Now let us try division with a remainder:
$$2F_{16} \div 5_{16}$$
Convert to decimal if needed. $2F_{16} = 47_{10}$ and $5_{16} = 5_{10}$. Then $47 \div 5 = 9$ remainder $2$. Since both $9$ and $2$ are valid hexadecimal digits, the answer is:
$$2F_{16} \div 5_{16} = 9_{16} \text{ remainder } 2_{16}$$
You can also check with multiplication:
$$5_{16} \times 9_{16} + 2_{16} = 2F_{16}$$
That last equation shows an important rule of division. In any base, division can be checked using:
$$\text{Dividend} = \text{Divisor} \times \text{Quotient} + \text{Remainder}$$
Example 3
Now let us do a more thoughtful long-division example:
$$7B_{16} \div A_{16}$$
Since $A = 10$, this means $123 \div 10$ in decimal, because $7B_{16} = 123_{10}$. That gives quotient $12$ remainder $3$ in decimal. Now convert decimal $12$ to hexadecimal $C$.
So:
$$7B_{16} \div A_{16} = C_{16} \text{ remainder } 3_{16}$$
Let us verify:
$$A_{16} \times C_{16} + 3_{16} = 78_{16} + 3_{16} = 7B_{16}$$
Very good.
At this point, you may be wondering whether you always have to convert to decimal. No. In fact, the goal is to learn to work directly in hexadecimal. But at the beginning, converting to decimal is a very smart checking method. It helps you know whether your hexadecimal answer makes sense.
Here are the most important habits for working directly in hexadecimal.
You should memorize the digit values from $A$ to $F$. If you must keep stopping to remember that $D = 13$, the work becomes slow. You should also get comfortable with the idea that carrying happens at $16$ and borrowing means adding $16$.
For addition, whenever a column total reaches $16$ or more, carry $1$ to the next place.
For subtraction, whenever the top digit is too small, borrow $1$ from the next place, which adds $16$ to the current place.
For multiplication, multiply digit values as usual, then convert the product back into hexadecimal.
For division, use the same logic as long division in decimal, but think in hexadecimal groups and check with multiplication.

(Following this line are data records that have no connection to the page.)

(* Let $(X,\mathcal{S})$ be a finite set system with $|X|=n=2^k$ for an integer $k\ge1$, and let the packings $\mathcal{F}_j$, the chains $F_j(S)$, the classes $\mathcal{S}_i$ and the families $\mathcal{F}_j^i$ be as defined in the context. Then there is an absolute constant $c>0$ such that for every $1\le i\le k$, every $j$ with $i-1\le j\le k$, and every $F\in\mathcal{F}_j^i$, $$|F|\le c\,\frac{n}{2^{i-1}} .$$
   Context: $\triangle$ denotes symmetric difference. Construction: set $\mathcal{F}_0=\{\emptyset\}$, and for $j=1,\dots,k$ let $\mathcal{F}_j\subseteq\mathcal{S}$ be a family that is maximal under inclusion subject to $|F\triangle F'|>n/2^j$ for all distinct $F,F'\in\mathcal{F}_j$. For $S\in\mathcal{S}$ define the nearest-neighbor chain $F_k(S):=S$ and, for $j=k,k-1,\dots,1$, let $F_{j-1}(S)$ be an element of $\mathcal{F}_{j-1}$ minimizing $|F_j(S)\triangle F|$ over $F\in\mathcal{F}_{j-1}$. For $i=1,\dots,k$ let $\mathcal{S}_i=\{S\in\mathcal{S}: n/2^i\le|S|<n/2^{i-1}\}$, and for $j=i-1,\dots,k$ let $\mathcal{F}_j^i=\{F_j(S):S\in\mathcal{S}_i\}$. *)

theory Defs
  imports Complex_Main
begin

definition symdiff :: "'a set \<Rightarrow> 'a set \<Rightarrow> 'a set" where
  "symdiff A B = (A - B) \<union> (B - A)"

definition separated :: "real \<Rightarrow> 'a set set \<Rightarrow> bool" where
  "separated d G \<longleftrightarrow> (\<forall>A\<in>G. \<forall>B\<in>G. A \<noteq> B \<longrightarrow> real (card (symdiff A B)) > d)"

definition maximal_packing :: "'a set set \<Rightarrow> real \<Rightarrow> 'a set set \<Rightarrow> bool" where
  "maximal_packing S d F \<longleftrightarrow> F \<subseteq> S \<and> separated d F \<and>
     (\<forall>G. F \<subseteq> G \<and> G \<subseteq> S \<and> separated d G \<longrightarrow> G = F)"

definition valid_construction ::
  "'a set \<Rightarrow> 'a set set \<Rightarrow> nat \<Rightarrow> (nat \<Rightarrow> 'a set set) \<Rightarrow> ('a set \<Rightarrow> nat \<Rightarrow> 'a set) \<Rightarrow> bool" where
  "valid_construction X S k Fam chain \<longleftrightarrow>
     Fam 0 = {{}} \<and>
     (\<forall>j\<in>{1..k}. maximal_packing S (real (card X) / 2 ^ j) (Fam j)) \<and>
     (\<forall>T\<in>S. chain T k = T \<and>
        (\<forall>j\<in>{1..k}. chain T (j - 1) \<in> Fam (j - 1) \<and>
           (\<forall>F\<in>Fam (j - 1). card (symdiff (chain T j) (chain T (j - 1)))
                                \<le> card (symdiff (chain T j) F))))"

definition size_class :: "'a set \<Rightarrow> 'a set set \<Rightarrow> nat \<Rightarrow> 'a set set" where
  "size_class X S i = {T\<in>S. real (card X) / 2 ^ i \<le> real (card T) \<and>
                             real (card T) < real (card X) / 2 ^ (i - 1)}"

definition chain_family ::
  "'a set \<Rightarrow> 'a set set \<Rightarrow> ('a set \<Rightarrow> nat \<Rightarrow> 'a set) \<Rightarrow> nat \<Rightarrow> nat \<Rightarrow> 'a set set" where
  "chain_family X S chain i j = (\<lambda>T. chain T j) ` size_class X S i"

end

theory Submission
  imports Defs
begin

text \<open>A maximal \<open>d\<close>-separated packing is also a \<open>d\<close>-covering, so the nearest-neighbour step
  from level \<open>j\<close> to level \<open>j - 1\<close> moves a set by at most \<open>n / 2^(j-1)\<close> elements (for \<open>j = 1\<close>
  the only candidate is \<open>{}\<close>, at distance at most \<open>n\<close>). Telescoping from \<open>F\<^sub>k(S) = S\<close> gives
  \<open>|F\<^sub>j(S)| \<le> |S| + 2n/2^j\<close>, and for \<open>S \<in> \<S>\<^sub>i\<close>, \<open>j \<ge> i - 1\<close> this is at most \<open>3n/2^(i-1)\<close>.\<close>

lemma symdiff_commute: "symdiff A B = symdiff B A"
  unfolding symdiff_def by auto

lemma symdiff_self [simp]: "symdiff A A = {}"
  unfolding symdiff_def by auto

lemma symdiff_empty_right [simp]: "symdiff A {} = A"
  unfolding symdiff_def by auto

lemma card_le_card_add_card_symdiff:
  assumes "finite A" "finite B"
  shows "card B \<le> card A + card (symdiff A B)"
proof -
  have "B \<subseteq> A \<union> symdiff A B" unfolding symdiff_def by auto
  then have "card B \<le> card (A \<union> symdiff A B)"
    using assms by (intro card_mono) (auto simp: symdiff_def)
  also have "\<dots> \<le> card A + card (symdiff A B)" by (rule card_Un_le)
  finally show ?thesis .
qed

lemma maximal_packing_covers:
  assumes packing: "maximal_packing S d F" and "A \<in> S" "0 \<le> d"
  shows "\<exists>B\<in>F. real (card (symdiff A B)) \<le> d"
proof (cases "A \<in> F")
  case True
  then show ?thesis using \<open>0 \<le> d\<close> by (intro bexI[of _ A]) auto
next
  case False
  have "F \<subseteq> insert A F" "insert A F \<subseteq> S" "insert A F \<noteq> F"
    using packing \<open>A \<in> S\<close> False unfolding maximal_packing_def by auto
  then have "\<not> separated d (insert A F)"
    using packing unfolding maximal_packing_def by blast
  then obtain P Q where PQ: "P \<in> insert A F" "Q \<in> insert A F" "P \<noteq> Q"
    and close: "real (card (symdiff P Q)) \<le> d"
    unfolding separated_def by (auto simp: not_less)
  have "separated d F" using packing unfolding maximal_packing_def by blast
  then have "\<not> (P \<in> F \<and> Q \<in> F)"
    using PQ(3) close unfolding separated_def by fastforce
  then consider "P = A" "Q \<in> F" | "Q = A" "P \<in> F"
    using PQ by blast
  then show ?thesis
  proof cases
    case 1
    then show ?thesis using close by blast
  next
    case 2
    then show ?thesis using close by (metis symdiff_commute)
  qed
qed

context
  fixes X :: "'a set" and S k Fam chain
  assumes valid: "valid_construction X S k Fam chain"
begin

lemma family_zero: "Fam 0 = {{}}"
  using valid unfolding valid_construction_def by simp

lemma chain_top: "T \<in> S \<Longrightarrow> chain T k = T"
  using valid unfolding valid_construction_def by blast

lemma chain_nearest:
  assumes "T \<in> S" "j \<in> {1..k}"
  shows "chain T (j - 1) \<in> Fam (j - 1)"
    and "\<And>F. F \<in> Fam (j - 1) \<Longrightarrow>
           card (symdiff (chain T j) (chain T (j - 1))) \<le> card (symdiff (chain T j) F)"
  using valid assms unfolding valid_construction_def by blast+

lemma packing_level: "j \<in> {1..k} \<Longrightarrow> maximal_packing S (real (card X) / 2 ^ j) (Fam j)"
  using valid unfolding valid_construction_def by blast

lemma chain_mem:
  assumes "T \<in> S" "1 \<le> j" "j \<le> k"
  shows "chain T j \<in> S"
proof (cases "j = k")
  case True
  then show ?thesis using assms(1) chain_top by simp
next
  case False
  then have "chain T j \<in> Fam j"
    using chain_nearest(1)[OF assms(1), of "Suc j"] assms by simp
  then show ?thesis
    using packing_level[of j] assms unfolding maximal_packing_def by auto
qed

lemma chain_step_symdiff_le:
  assumes fin: "finite X" and SX: "S \<subseteq> Pow X" and T: "T \<in> S" and j: "j \<in> {1..k}"
  shows "real (card (symdiff (chain T j) (chain T (j - 1)))) \<le> real (card X) / 2 ^ (j - 1)"
proof -
  have A: "chain T j \<in> S" using chain_mem T j by auto
  have "\<exists>B\<in>Fam (j - 1). real (card (symdiff (chain T j) B)) \<le> real (card X) / 2 ^ (j - 1)"
  proof (cases "j = 1")
    case True
    have "card (chain T j) \<le> card X"
      using A SX fin by (intro card_mono) auto
    then show ?thesis using True family_zero by simp
  next
    case False
    then show ?thesis
      using j by (intro maximal_packing_covers[OF packing_level A]) auto
  qed
  then show ?thesis
    using chain_nearest(2)[OF T j] by (meson of_nat_le_iff order_trans)
qed

lemma chain_subset:
  assumes SX: "S \<subseteq> Pow X" and T: "T \<in> S" and "j \<le> k"
  shows "chain T j \<subseteq> X"
proof (cases "1 \<le> j")
  case True
  then show ?thesis using chain_mem[OF T True \<open>j \<le> k\<close>] SX by auto
next
  case False
  then have "j = 0" by simp
  show ?thesis
  proof (cases "k = 0")
    case True
    then show ?thesis using chain_top[OF T] T SX \<open>j = 0\<close> by auto
  next
    case False
    then have "chain T 0 \<in> Fam 0" using chain_nearest(1)[OF T, of 1] by simp
    then show ?thesis using family_zero \<open>j = 0\<close> by simp
  qed
qed

lemma card_chain_le:
  assumes fin: "finite X" and SX: "S \<subseteq> Pow X" and T: "T \<in> S" and "j \<le> k"
  shows "real (card (chain T j)) \<le> real (card T) + 2 * real (card X) / 2 ^ j"
  using \<open>j \<le> k\<close>
proof (induction j rule: inc_induct)
  case base
  then show ?case using chain_top[OF T] by simp
next
  case (step m)
  have m: "Suc m \<in> {1..k}" using step by auto
  have "finite (chain T (Suc m))" "finite (chain T m)"
    using chain_subset[OF SX T, of m] chain_subset[OF SX T, of "Suc m"] step.hyps fin
    by (simp_all add: finite_subset)
  then have "card (chain T m) \<le> card (chain T (Suc m)) + card (symdiff (chain T (Suc m)) (chain T m))"
    by (rule card_le_card_add_card_symdiff)
  then have "real (card (chain T m))
      \<le> real (card (chain T (Suc m))) + real (card X) / 2 ^ m"
    using chain_step_symdiff_le[OF fin SX T m] by simp
  also have "\<dots> \<le> real (card T) + 2 * real (card X) / 2 ^ Suc m + real (card X) / 2 ^ m"
    using step.IH by simp
  also have "\<dots> = real (card T) + 2 * real (card X) / 2 ^ m" by simp
  finally show ?case .
qed

end

theorem mainTheorem6:
  shows "\<exists>c::real. c > 0 \<and>
    (\<forall>(X::'a set) S k Fam chain.
       finite X \<and> S \<subseteq> Pow X \<and> k \<ge> 1 \<and> card X = 2 ^ k \<and>
       valid_construction X S k Fam chain \<longrightarrow>
       (\<forall>i\<in>{1..k}. \<forall>j\<in>{i - 1..k}. \<forall>F\<in>chain_family X S chain i j.
          real (card F) \<le> c * real (card X) / 2 ^ (i - 1)))"
proof (intro exI[of _ 3] conjI allI impI ballI)
  fix X :: "'a set" and S k Fam chain i j F
  assume H: "finite X \<and> S \<subseteq> Pow X \<and> 1 \<le> k \<and> card X = 2 ^ k \<and> valid_construction X S k Fam chain"
    and "i \<in> {1..k}" and j: "j \<in> {i - 1..k}" and F: "F \<in> chain_family X S chain i j"
  from F obtain T where T: "T \<in> size_class X S i" and FT: "F = chain T j"
    unfolding chain_family_def by blast
  have TS: "T \<in> S" and small: "real (card T) < real (card X) / 2 ^ (i - 1)"
    using T unfolding size_class_def by auto
  have "real (card F) \<le> real (card T) + 2 * real (card X) / 2 ^ j"
    using card_chain_le[of X S k Fam chain T j] H TS j FT by auto
  moreover have "real (card X) / 2 ^ j \<le> real (card X) / 2 ^ (i - 1)"
    using j by (intro divide_left_mono power_increasing) auto
  ultimately show "real (card F) \<le> 3 * real (card X) / 2 ^ (i - 1)"
    using small by simp
qed simp

end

It also helps to know hexadecimal place values:
$$16^0 = 1$$
$$16^1 = 16$$
$$16^2 = 256$$
$$16^3 = 4096$$
So a number like $3A5_{16}$ means:
$$3A5_{16} = 3 \cdot 16^2 + 10 \cdot 16 + 5$$
That becomes:
$$3A5_{16} = 3 \cdot 256 + 160 + 5 = 933_{10}$$
Understanding place value makes the arithmetic much easier.
Conclusion
So hexadecimal math is ordinary arithmetic done in base $16$ instead of base $10$. If you remember the digit values, the place values, and the base $16$ carrying and borrowing rules, you can do addition, subtraction, multiplication, and division confidently.